GCMTaskService / Nougat / Services

Nougat – GCM Network Manager

Nougat has now been released in to the wild and there are a number of new features which developers should be considering. In this loosely-related series of articles we’re going to be looking at various aspects of these new features to see how we can best make use of them. In this first article we’re going to look at the ramifications that changes to doze mode have for apps running on Nougat.

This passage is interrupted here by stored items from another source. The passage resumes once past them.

(* Consider the variation of the temporal graph discovery game in which the Discoverer does not learn the static edge set (only the node set). Let $n,T_{\max}\in\mathbb N^+$, $k\in[n]$, $m\in[\binom n2-n]$ and $\delta\in[T_{\max}]$. Then there is an Adversary such that any algorithm winning this game variation on graphs with $n$ nodes and $m$ edges must take at least $\lfloor nT_{\max}/(2\delta k)\rfloor$ rounds. Moreover, this Adversary picks a graph with at most two $\delta$-edge connected components.
   Context: A temporal graph $\mathcal G=(V,E,\lambda)$ with lifetime $T_{\max}$ consists of a finite undirected static graph $(V,E)$ and a labeling $\lambda:E\to\{1,\dots,T_{\max}\}$; edge $e$ is present only at time $\lambda(e)$. $[x]=\{1,\dots,x\}$. Infection model with parameter $\delta$: a set $S\subseteq V\times[0,T_{\max}]$ of at most $k$ seed infections is given; a seed $(u,t)$ makes $u$ infected at time $t$; otherwise a susceptible node $u$ becomes infected at time $t$ iff some neighbour $v$ infectious at time $t$ has $\lambda(uv)=t$ (exactly one infector recorded if several exist). A node infected at time $t$ is infectious at times $t+1,\dots,t+\delta$ and resistant afterwards. The infection log records triples $(u,v,t)$ ($u$ infected $v$ at time $t$). Game (unknown static graph variant): the Discoverer knows only $V$; each round it submits at most $k$ seeds and the Adversary answers with an infection log consistent with the seeds under some temporal graph on $V$ consistent with all previous answers (adaptive). The Discoverer wins iff the temporal graph (edges and labels) it finally submits equals the Adversary's final temporal graph consistent with all logs. $\delta$-edge connected components: relate two edges sharing an endpoint whose labels differ by at most $\delta$; the classes of the transitive closure are the $\delta$-edge connected components. *)

theory Defs
  imports Main
begin

text \<open>Nodes are 0..<n. A temporal graph is a partial map from 2-element node sets
  (the static edges) to their time labels; its domain is the static edge set.\<close>
type_synonym tgraph = "nat set \<Rightarrow> nat option"

definition wf_tgraph :: "nat \<Rightarrow> nat \<Rightarrow> tgraph \<Rightarrow> bool" where
  "wf_tgraph n Tmax G \<longleftrightarrow>
     (\<forall>e \<in> dom G. \<exists>u v. e = {u, v} \<and> u \<noteq> v \<and> u < n \<and> v < n) \<and>
     (\<forall>t \<in> ran G. 1 \<le> t \<and> t \<le> Tmax)"

definition delta_rel :: "nat \<Rightarrow> tgraph \<Rightarrow> (nat set \<times> nat set) set" where
  "delta_rel \<delta> G = {(e, f). e \<in> dom G \<and> f \<in> dom G \<and> e \<inter> f \<noteq> {} \<and>
      the (G e) \<le> the (G f) + \<delta> \<and> the (G f) \<le> the (G e) + \<delta>}"

definition delta_components :: "nat \<Rightarrow> tgraph \<Rightarrow> nat set set set" where
  "delta_components \<delta> G = dom G // ((delta_rel \<delta> G)\<^sup>*)"

text \<open>Infection process. it v = Some t means v gets infected at time t.\<close>
definition infectious :: "nat \<Rightarrow> (nat \<Rightarrow> nat option) \<Rightarrow> nat \<Rightarrow> nat \<Rightarrow> bool" where
  "infectious \<delta> it u s \<longleftrightarrow> (\<exists>t. it u = Some t \<and> t < s \<and> s \<le> t + \<delta>)"

definition infection_cause ::
  "nat \<Rightarrow> tgraph \<Rightarrow> (nat \<times> nat) set \<Rightarrow> (nat \<Rightarrow> nat option) \<Rightarrow> nat \<Rightarrow> nat \<Rightarrow> bool" where
  "infection_cause \<delta> G S it v s \<longleftrightarrow>
     (v, s) \<in> S \<or> (\<exists>u. G {u, v} = Some s \<and> infectious \<delta> it u s)"

text \<open>L is a valid infection log of G for seed set S (triples (u,v,t): u infected v at t).\<close>
definition is_log ::
  "nat \<Rightarrow> tgraph \<Rightarrow> (nat \<times> nat) set \<Rightarrow> (nat \<times> nat \<times> nat) set \<Rightarrow> bool" where
  "is_log \<delta> G S L \<longleftrightarrow> (\<exists>it.
     (\<forall>v t. it v = Some t \<longleftrightarrow>
        (infection_cause \<delta> G S it v t \<and> (\<forall>s<t. \<not> infection_cause \<delta> G S it v s))) \<and>
     (\<forall>v. it v = None \<longrightarrow> (\<forall>s. \<not> infection_cause \<delta> G S it v s)) \<and>
     (\<forall>(u, v, t) \<in> L. it v = Some t \<and> (v, t) \<notin> S \<and> G {u, v} = Some t \<and> infectious \<delta> it u t) \<and>
     (\<forall>v t. it v = Some t \<and> (v, t) \<notin> S \<longrightarrow> (\<exists>u. (u, v, t) \<in> L)) \<and>
     (\<forall>u v t u' t'. (u, v, t) \<in> L \<and> (u', v, t') \<in> L \<longrightarrow> u = u' \<and> t = t'))"

definition valid_seeds :: "nat \<Rightarrow> nat \<Rightarrow> nat \<Rightarrow> (nat \<times> nat) set \<Rightarrow> bool" where
  "valid_seeds n Tmax k S \<longleftrightarrow> finite S \<and> card S \<le> k \<and> S \<subseteq> {0..<n} \<times> {0..Tmax}"

text \<open>Adversary: maps the list of all seed sets submitted so far (the last one being the
  current query) to the log it answers.  G is consistent with all answers to qs.\<close>
definition consistent_with ::
  "nat \<Rightarrow> ((nat \<times> nat) set list \<Rightarrow> (nat \<times> nat \<times> nat) set) \<Rightarrow> (nat \<times> nat) set list \<Rightarrow> tgraph \<Rightarrow> bool" where
  "consistent_with \<delta> adv qs G \<longleftrightarrow>
     (\<forall>i < length qs. is_log \<delta> G (qs ! i) (adv (take (Suc i) qs)))"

nougat-smallBefore we begin let’s explain a little bit about the app we’re going to create – a pseudo-messaging app which simulates incoming messages. The reason for this is that it will enable us to explore a number of features of Nougat during the coming articles. It uses AutoValue to create immutable Java objects representing domain objects; Gson to marshall these to and from JSON. I won’t give a full explanation of AutoValue here – for those unfamiliar with it Ryan Harter has written an excellent introduction which should give you sufficient knowledge to understand how I’m using it. The Message class is an AutoValue representing a message within our messenger app; Rather than having a real messaging back-end we’re going to simulate incoming messages by running a periodic service to generate a new message – the Messenger class will generate messages based upon strings from Dirty Phrasebook.

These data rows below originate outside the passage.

(* Let $\mathcal Y\subset\mathbb R^d$ be a finite set such that no element of $\mathcal Y$ is a strict convex combination of other elements of $\mathcal Y$. Let $\varepsilon>0$ and let $\mathbf Z$ be a standard multivariate normal random vector on $\mathbb R^d$. For $s_1,s_2\in V_\Delta$ with $s_1\neq s_2$, define $f_k(y;Z)=s_k(y)+\varepsilon Z^\top y$ for $k=1,2$. Then $$\mathbb P_{\mathbf Z}\Big(\operatorname*{argmax}_{y\in\mathcal Y}f_1(y;\mathbf Z)\cap\operatorname*{argmax}_{y\in\mathcal Y}f_2(y;\mathbf Z)=\emptyset\Big)>0.$$
   Context: $\mathbb R^{\mathcal Y}$ is the space of vectors $s$ indexed by $\mathcal Y$ with components $s(y)$, and $V_\Delta=\{s\in\mathbb R^{\mathcal Y}:\sum_{y\in\mathcal Y}s(y)=0\}$ (the direction of the affine hull of the probability simplex $\Delta^{\mathcal Y}$). *)

theory Defs
  imports "HOL-Probability.Probability"
begin

text \<open>Vectors of R^d are modelled as functions "d => real" with a finite index type d
  (so d = CARD('d) \<ge> 1).\<close>

definition inner_fun :: "('d::finite \<Rightarrow> real) \<Rightarrow> ('d \<Rightarrow> real) \<Rightarrow> real" where
  "inner_fun z y = (\<Sum>i\<in>UNIV. z i * y i)"

definition strict_convex_comb_of_others :: "('d::finite \<Rightarrow> real) set \<Rightarrow> ('d \<Rightarrow> real) \<Rightarrow> bool" where
  "strict_convex_comb_of_others Y y \<longleftrightarrow>
     (\<exists>S u. finite S \<and> S \<noteq> {} \<and> S \<subseteq> Y - {y} \<and> (\<forall>x\<in>S. u x > (0::real)) \<and>
            sum u S = 1 \<and> (\<lambda>i. \<Sum>x\<in>S. u x * x i) = y)"

definition V_Delta :: "'y set \<Rightarrow> ('y \<Rightarrow> real) set" where
  "V_Delta Y = {s. s \<in> extensional Y \<and> sum s Y = 0}"

definition argmax_set :: "'y set \<Rightarrow> ('y \<Rightarrow> real) \<Rightarrow> 'y set" where
  "argmax_set Y f = {y\<in>Y. \<forall>y'\<in>Y. f y' \<le> f y}"

definition std_normal_vec :: "('d::finite \<Rightarrow> real) measure" where
  "std_normal_vec = PiM UNIV (\<lambda>_. density lborel std_normal_density)"

end

theory Submission
  imports Defs
begin

(* If the two argmax sets met for every z, then D z = max f1(.;z) - max f2(.;z) would be a
  continuous function of z with values in the finite set {s1 y - s2 y | y in Y}, hence constant.
  Every y in Y lies outside the convex hull of the other points, so it is the unique maximiser of
  z . y for some direction z; for a large multiple of that direction y maximises both f1 and f2,
  which gives D = s1 y - s2 y. Thus s1 - s2 is constant on Y, and since both sum to zero, s1 = s2.
  Hence for s1 ~= s2 the argmax sets are disjoint at some z0; disjointness is an open condition
  in z, and the Gaussian measure charges every nonempty open set. *)

lemma emeasure_std_normal_density_open_pos:
  fixes A :: "real set"
  assumes "open A" and "x \<in> A"
  shows "0 < emeasure (density lborel std_normal_density) A"
proof -
  obtain e where e: "e > 0" "ball x e \<subseteq> A" using assms by (rule openE)
  have "{x - e<..<x + e} \<subseteq> A"
    using e(2) by (auto simp: ball_def dist_real_def abs_diff_less_iff)
  moreover have "{x - e<..<x + e} \<notin> null_sets lborel" using e(1) by (simp add: null_sets_def)
  ultimately have "A \<notin> null_sets lborel" using assms(1) null_sets_subset[of A lborel] by auto
  moreover have "AE y in lborel. y \<notin> A"
    if "AE y in lborel. y \<in> A \<longrightarrow> std_normal_density y = 0"
    using that by eventually_elim (metis normal_density_pos less_irrefl zero_less_one)
  ultimately have "A \<notin> null_sets (density lborel std_normal_density)"
    using assms(1) by (subst null_sets_density_iff) (auto simp: AE_iff_null_sets)
  thus ?thesis using assms(1) by (simp add: zero_less_iff_neq_zero null_sets_def)
qed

The first think that we need to do in our simulated messaging app is to schedule a periodic task to generate messages. Traditionally we’d look to AlarmManager to do things like this, but there are hints (as voiced by Mark Murphy) that background processing may change quite considerably over coming iterations of Android, so let’s consider a more up-to-date approach which is likely to be somewhat more future-proof. The recommended way of scheduling periodic tasks is to use JobScheduler which enables you to specify finer grained criteria, such as network and / or charging states, for when your task should run. The big issue with JobScheduler is that it is only available in API 21 (Lollipop) and later. However there is a very similar component named GCMNetworkManager in the Play Services Google Cloud Messaging (GCM) package, and it’s this that we’ll utilise to schedule our periodic messages. GCM Network Manager is nothing new to Nougat as such, but we’ll use it here in response to some changes in Nougat which may suggest that AlarmManger may not be the best long term solution.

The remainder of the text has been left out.